The Opening: A Personal Reflection

Laurie Marks Life Musings Leave a Comment

If you’ve been reading my blogs, you know I stick to less personal topics. Not this month.

One of the reasons I chose to pursue Yoga Therapy is because it puts me on the hook. And in fact I am constantly reminded in training that if I don’t practice what I teach my clients, it can undermine my ability to appropriately and effectively adapt the practice to meet the student’s needs. I also recall that when I started thinking about leaving the corporate world, I specifically set out to explore work that would allow me to feel strongly in service to others. When the ah-ha moment came with a certainty I’ve known only a few other times in my life, it propelled me to jump into a four year certification program for which I had to wait over a year before starting.

But the growth of Rocky Mountain Yoga has come at it’s own speed, which hasn’t been fast enough for me. This has caused anxiety, sleeplessness and the mid back pain I used to get, pain I eventually realized is a barometer of my mental, emotional and spiritual health (do you have such a barometer?). I don’t know why I thought I would be immune to the counsel I heard from so many. Building a referral based business takes years. I’ve learned it’s not only building clients’ trust in me but more importantly, building self-trust, trust in my own knowledge and abilities.

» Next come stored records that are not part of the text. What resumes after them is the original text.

definition coinvL :: "imat set \<Rightarrow> qvec set" where
  "coinvL G = {x \<in> latL. \<forall>y\<in>invL G. bform x y = 0}"

text \<open>G^# trivial: every element of G acts trivially on L^# = L^*/L.\<close>
definition trivial_on_disc :: "imat set \<Rightarrow> bool" where
  "trivial_on_disc G \<longleftrightarrow> (\<forall>g\<in>G. \<forall>x\<in>dual latL. act g x - x \<in> latL)"

text \<open>Embedding subgroup H = (L^* \<inter> (S (x) Q))/S of a primitive sublattice S.\<close>
definition emb_grp :: "qvec set \<Rightarrow> qvec set monoid" where
  "emb_grp S = quot_grp (dual latL \<inter> qspan S) S"

end

theory Submission
  imports Defs
begin

(* Let g be the non-trivial element of G and L+ = L^G, L- = L_G its (+1)- and (-1)-eigenlattices.
  Since g acts trivially on L^*/L, for x in the dual of L+ or L- the vector 2x pairs integrally with
  all of L^*, hence lies in L; so both discriminant groups are 2-elementary and have order 2^l.
  Index counting in the chain L- + L+ <= L <= L^* <= L-^* + L+^* gives
  |L+^#| |H|^2 = 4 |L-^#|: the pairing with values in (1/2)Z/Z makes L and L^* mutual annihilators
  modulo L- + L+, and the projection of L to L-^* has annihilator H in L-^#.
  Annihilator sizes are computed by summing the {1,-1}-valued pairing over the quotient. *)

section \<open>Subgroups and quotients of abelian groups\<close>

definition add_subgroup :: "'a::ab_group_add set \<Rightarrow> bool" where
  "add_subgroup A \<longleftrightarrow> 0 \<in> A \<and> (\<forall>x\<in>A. \<forall>y\<in>A. x + y \<in> A) \<and> (\<forall>x\<in>A. - x \<in> A)"

lemma add_subgroupI:
  assumes "0 \<in> A" "\<And>x y. x \<in> A \<Longrightarrow> y \<in> A \<Longrightarrow> x + y \<in> A" "\<And>x. x \<in> A \<Longrightarrow> - x \<in> A"
  shows "add_subgroup A"
  using assms unfolding add_subgroup_def by blast

lemma add_subgroup_zero: "add_subgroup A \<Longrightarrow> 0 \<in> A"
  and add_subgroup_add: "add_subgroup A \<Longrightarrow> x \<in> A \<Longrightarrow> y \<in> A \<Longrightarrow> x + y \<in> A"
  and add_subgroup_uminus: "add_subgroup A \<Longrightarrow> x \<in> A \<Longrightarrow> - x \<in> A"
  unfolding add_subgroup_def by blast+

lemma add_subgroup_diff: "add_subgroup A \<Longrightarrow> x \<in> A \<Longrightarrow> y \<in> A \<Longrightarrow> x - y \<in> A"
  using add_subgroup_add[of A x "- y"] add_subgroup_uminus[of A y] by simp

lemma add_subgroup_Int: "add_subgroup A \<Longrightarrow> add_subgroup B \<Longrightarrow> add_subgroup (A \<inter> B)"
  unfolding add_subgroup_def by blast

definition cosets :: "'a::ab_group_add set \<Rightarrow> 'a set \<Rightarrow> 'a set set" where
  "cosets A S = (\<lambda>x. (+) x ` S) ` A"

lemma mem_coset_self: "add_subgroup S \<Longrightarrow> x \<in> (+) x ` S"
  using add_subgroup_zero by force

lemma coset_eq_iff:
  assumes "add_subgroup S"
  shows "(+) x ` S = (+) y ` S \<longleftrightarrow> x - y \<in> S"
proof
  assume "(+) x ` S = (+) y ` S"
  then have "x \<in> (+) y ` S" using mem_coset_self[OF assms] by metis
  then show "x - y \<in> S" by auto
next
  have sub: "(+) a ` S \<subseteq> (+) b ` S" if "a - b \<in> S" for a b
  proof
    fix z assume "z \<in> (+) a ` S"
    then obtain s where "s \<in> S" "z = a + s" by auto
    then show "z \<in> (+) b ` S"
      using add_subgroup_add[OF assms that] by (intro image_eqI[of _ _ "a - b + s"]) auto
  qed
  assume "x - y \<in> S"
  moreover have "y - x \<in> S" using add_subgroup_uminus[OF assms \<open>x - y \<in> S\<close>] by simp
  ultimately show "(+) x ` S = (+) y ` S" using sub by blast
qed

I started to look for a second job, all the while swallowing hard.  I realize that I’ve been gripping too hard trying to make things happen. And then, as my gripping* knuckles turned white, fear set in and a quote I came across from Rumi: “Move, but don’t move the way fear makes you move.” I wrote this in a dry eraser on my bathroom mirror so I am mindful of not moving in a direction driven by fear. Not only has Rumi offered me guidance but also, an ever-present theme over these past several weeks has allowed me to loosen my grip. The theme is one of untethering to what I think should happen and surrendering to whatever may present. Saying “yes” to it all. To be continued.

“The only permanent solution to your problems is to go inside and let go of the part of you that seems to have so many problems with reality. Once you do that, you’ll be clear enough to deal with what’s left.”  ~ Michael A. Singer, The Untethered Soul: The Journey Beyond Yourself (I highly recommend the audio version-this was a life changer for me)

“Am I better off making up an alternate reality in my mind and then fighting with reality to make it be my way, or am I better off letting go of what I want and serving the same forces of reality that managed to create the entire perfection of the universe around me?” ~ Michael A. Singer, The Surrender Experiment: My Journey Into Life’s Perfection

“If you align in any moment with the flow of life as it presents itself, all will unfold in the right way at the right time with a certain spontaneity and ease.” ~ Tosha Silver’s book Outrageous Openness

* The Yoga Sutras (11.3) tell us that not only attachment but also, aversion, ego, clinging to life and ignorance – known as the klesas in sanskrit – obstruct the mind from realizing its true nature.